*WHAT THE TASK ASKS*
Given the entries that follow, write out exactly the lines starting at the one containing "g|p|^2 is real" and ending at the one containing "using assms by simp", both ends included, and only those.

*SUPPLIED MATERIAL*
(* Let $C$ be the positively oriented unit circle, $g=1$ on $\{\operatorname{Re}z>0\}\cap C$ and $g=-1$ on $\{\operatorname{Re}z<0\}\cap C$, $g_l=\frac{2}{l\pi}\sin\frac{l\pi}{2}$ ($l\ne0$), $g_0=0$, $\lambda\in\mathbb{C}\setminus[-1,1]$, $\phi=g+\lambda$, and $\vec{\mathfrak g}_1=(g_{-m},\dots,g_{-1})^T\in\mathbb{C}^m$. Let $Y_K$ be the unique solution of the Riemann–Hilbert problem: $Y_K\colon\mathbb{C}\setminus C\to\mathbb{C}^{2\times2}$ is analytic, $$Y_{K+}(z)=Y_{K-}(z)\begin{pmatrix}\phi(z)&-(\phi(z)-1)z^m\\(\phi(z)-1)z^{-m}&2-\phi(z)\end{pmatrix}\quad\text{for a.e. } z\in C$$ (in the $L^2$ sense, with $+$/$-$ denoting boundary values from the left/right of the positively oriented circle), and $Y_K(z)=I+O(z^{-1})$ as $z\to\infty$. Write $Y_K(z)=I+\sum_{\ell=1}^\infty M_\ell z^{-\ell}$ as $z\to\infty$. Then $$\big\langle T_m[\phi]^{-1}\vec{\mathfrak g}_1,\vec{\mathfrak g}_1\big\rangle=-\frac{2}{\pi}\sum_{\ell=1}^m\frac{\sin\frac{\ell\pi}{2}}{\ell}\,M_{\ell,11},$$ where $M_{\ell,11}$ is the $(1,1)$ entry of $M_\ell$.
   Context: $T_m[\phi]=(\phi_{j-k})_{j,k=0}^{m-1}$ is the Toeplitz matrix of Fourier coefficients of $\phi$; $\langle\vec a,\vec b\rangle=\sum_j a_jb_j$. *)

theory Defs
  imports "HOL-Analysis.Analysis" "Jordan_Normal_Form.Gauss_Jordan_Elimination"
begin

definition fourier_coeff :: "(complex \<Rightarrow> complex) \<Rightarrow> int \<Rightarrow> complex" where
  "fourier_coeff f k = integral {0..2*pi} (\<lambda>t. f (cis t) * cis (- (of_int k * t))) / (2 * pi)"

definition toeplitz_mat :: "nat \<Rightarrow> (complex \<Rightarrow> complex) \<Rightarrow> complex mat" where
  "toeplitz_mat m f = mat m m (\<lambda>(j,k). fourier_coeff f (int j - int k))"

text \<open>The step function g on the unit circle (value at the two points with Re z = 0 is irrelevant).\<close>
definition g_fun :: "complex \<Rightarrow> complex" where
  "g_fun z = (if Re z > 0 then 1 else if Re z < 0 then -1 else 0)"

definition g_coeff :: "int \<Rightarrow> complex" where
  "g_coeff l = (if l = 0 then 0 else of_real (2 / (real_of_int l * pi) * sin (real_of_int l * pi / 2)))"

definition g_vec1 :: "nat \<Rightarrow> complex vec" where
  "g_vec1 m = vec m (\<lambda>j. g_coeff (int j - int m))"

definition entry :: "complex^2^2 \<Rightarrow> 2 \<Rightarrow> 2 \<Rightarrow> complex" where
  "entry A i j = Finite_Cartesian_Product.vec_nth (Finite_Cartesian_Product.vec_nth A i) j"

definition jump_mat :: "nat \<Rightarrow> (complex \<Rightarrow> complex) \<Rightarrow> complex \<Rightarrow> complex^2^2" where
  "jump_mat m \<phi> z = vector [vector [\<phi> z, - (\<phi> z - 1) * z ^ m],
                             vector [(\<phi> z - 1) * inverse z ^ m, 2 - \<phi> z]]"

text \<open>Yb is the L2 boundary value of Y on the unit circle, approached along radii r \<rightarrow> 1 in the
  filter F (at_left 1: from inside = + side; at_right 1: from outside = - side).\<close>
definition L2_boundary_value ::
  "(complex \<Rightarrow> complex^2^2) \<Rightarrow> (complex \<Rightarrow> complex^2^2) \<Rightarrow> real filter \<Rightarrow> bool" where
  "L2_boundary_value Y Yb F \<longleftrightarrow>
     (\<forall>\<^sub>F r in F. (\<lambda>t. (norm (Y (of_real r * cis t) - Yb (cis t)))\<^sup>2) integrable_on {0..2*pi}) \<and>
     ((\<lambda>r. integral {0..2*pi} (\<lambda>t. (norm (Y (of_real r * cis t) - Yb (cis t)))\<^sup>2)) \<longlongrightarrow> 0) F"

definition RHP_YK :: "nat \<Rightarrow> (complex \<Rightarrow> complex) \<Rightarrow> (complex \<Rightarrow> complex^2^2) \<Rightarrow> bool" where
  "RHP_YK m \<phi> Y \<longleftrightarrow>
     (\<forall>i j. (\<lambda>z. entry (Y z) i j) holomorphic_on (- sphere 0 1)) \<and>
     (\<exists>Yp Ym. L2_boundary_value Y Yp (at_left 1) \<and> L2_boundary_value Y Ym (at_right 1) \<and>
        (AE t in lebesgue_on {0..2*pi}. Yp (cis t) = Ym (cis t) ** jump_mat m \<phi> (cis t))) \<and>
     (\<exists>c R. \<forall>z. norm z \<ge> R \<longrightarrow> norm (Y z - Finite_Cartesian_Product.mat 1) \<le> c / norm z)"

end

(* The first column of the jump relation says that
   H(z) = z^m Y_11(z) + Y_12(z) has no jump across the circle.  Comparing the Fourier coefficients
   of its boundary values from inside (Taylor series of H) and from outside (Y = I + sum M_l z^-l)
   shows that H is the monic polynomial z^m + sum_{n<m} M_{m-n,11} z^n.  The (1,1) entry of the
   jump relation, Y_11+ - Y_11- = (phi - 1) z^-m H, compared at the Fourier modes -1, ..., -m,
   then says that (-M_{m,11}, ..., -M_{1,11}) solves T_m[phi] x = (phi_-m, ..., phi_-1), and
   phi_-l = g_-l turns <x, g_1> into the stated sum.

   T_m[phi] is invertible: for the trigonometric polynomial p with coefficient vector v, the form
   v* T_m[phi] v is 1/(2 pi) times the integral of (g + lam)|p|^2 over the circle; the integral of
   g|p|^2 is real and bounded in modulus by that of |p|^2, so a vanishing form forces lam into
   [-1,1] unless p = 0.

   The boundary values are only L2 limits, so each comparison of Fourier coefficients is made on
   the circles of radii r and 2 - r and then passed to the limit r -> 1. *)

theory Submission
  imports Defs "HOL-Complex_Analysis.Complex_Analysis" "Jordan_Normal_Form.Determinant"
begin

section \<open>Fourier integrals on the unit circle\<close>

lemma has_integral_eqI:
  assumes "(f has_integral I) S" "\<And>x. x \<in> S \<Longrightarrow> f x = g x" "I = J"
  shows "(g has_integral J) S"
  using has_integral_eq[OF assms(2,1)] assms(3) by simp

lemma has_integral_exp_linear:
  fixes c :: complex and a b :: real
  assumes "c \<noteq> 0" "a \<le> b"
  shows "((\<lambda>t. exp (c * of_real t)) has_integral ((exp (c * of_real b) - exp (c * of_real a)) / c)) {a..b}"
proof -
  have "((\<lambda>t. exp (c * of_real t) / c) has_vector_derivative exp (c * of_real x)) (at x within {a..b})" for x
  proof -
    have "((\<lambda>z. exp (c * z) / c) has_field_derivative (exp (c * of_real x) * (c * 1)) / c) (at (of_real x))"
      by (auto intro!: derivative_eq_intros)
    then have "((\<lambda>z. exp (c * z) / c) has_field_derivative exp (c * of_real x)) (at (of_real x))"
      using assms by simp
    from has_vector_derivative_real_field[OF this] show ?thesis by simp
  qed
  from fundamental_theorem_of_calculus[OF assms(2) this]
  show ?thesis by (simp add: diff_divide_distrib)
qed

lemma has_integral_cis_int:
  fixes j :: int
  shows "((\<lambda>t. cis (of_int j * t)) has_integral (if j = 0 then 2 * pi else 0)) {0..2*pi}"
proof (cases "j = 0")
  case True
  then show ?thesis using has_integral_const_real[of "1::complex" 0 "2*pi"] by (simp add: scaleR_conv_of_real)
next
  case False
  have c: "\<i> * of_int j \<noteq> (0::complex)" using False by simp
  have e: "cis (of_int j * t) = exp ((\<i> * of_int j) * of_real t)" for t
    by (simp add: cis_conv_exp mult_ac)
  have "exp ((\<i> * of_int j) * of_real (2*pi)) = 1"
    using cis_multiple_2pi[of "of_int j"] by (simp add: cis_conv_exp[symmetric] mult_ac)
  with has_integral_exp_linear[OF c, of 0 "2*pi"] False show ?thesis
    by (simp add: e)
qed

lemma has_integral_cis_interval:
  fixes k :: int
  assumes "k \<noteq> 0" "a \<le> b"
  shows "((\<lambda>t. cis (- (of_int k * t))) has_integral
           (cis (- (of_int k * b)) - cis (- (of_int k * a))) / (- \<i> * of_int k)) {a..b}"
proof -
  have "cis (- (of_int k * t)) = exp ((- \<i> * of_int k) * of_real t)" for t
    by (simp add: cis_conv_exp mult.assoc)
  with has_integral_exp_linear[of "- \<i> * of_int k" a b] assms show ?thesis by simp
qed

*TASK SOLUTION*
   g|p|^2 is real and bounded in modulus by that of |p|^2, so a vanishing form forces lam into
   [-1,1] unless p = 0.

   The boundary values are only L2 limits, so each comparison of Fourier coefficients is made on
   the circles of radii r and 2 - r and then passed to the limit r -> 1. *)

theory Submission
  imports Defs "HOL-Complex_Analysis.Complex_Analysis" "Jordan_Normal_Form.Determinant"
begin

section \<open>Fourier integrals on the unit circle\<close>

lemma has_integral_eqI:
  assumes "(f has_integral I) S" "\<And>x. x \<in> S \<Longrightarrow> f x = g x" "I = J"
  shows "(g has_integral J) S"
  using has_integral_eq[OF assms(2,1)] assms(3) by simp

lemma has_integral_exp_linear:
  fixes c :: complex and a b :: real
  assumes "c \<noteq> 0" "a \<le> b"
  shows "((\<lambda>t. exp (c * of_real t)) has_integral ((exp (c * of_real b) - exp (c * of_real a)) / c)) {a..b}"
proof -
  have "((\<lambda>t. exp (c * of_real t) / c) has_vector_derivative exp (c * of_real x)) (at x within {a..b})" for x
  proof -
    have "((\<lambda>z. exp (c * z) / c) has_field_derivative (exp (c * of_real x) * (c * 1)) / c) (at (of_real x))"
      by (auto intro!: derivative_eq_intros)
    then have "((\<lambda>z. exp (c * z) / c) has_field_derivative exp (c * of_real x)) (at (of_real x))"
      using assms by simp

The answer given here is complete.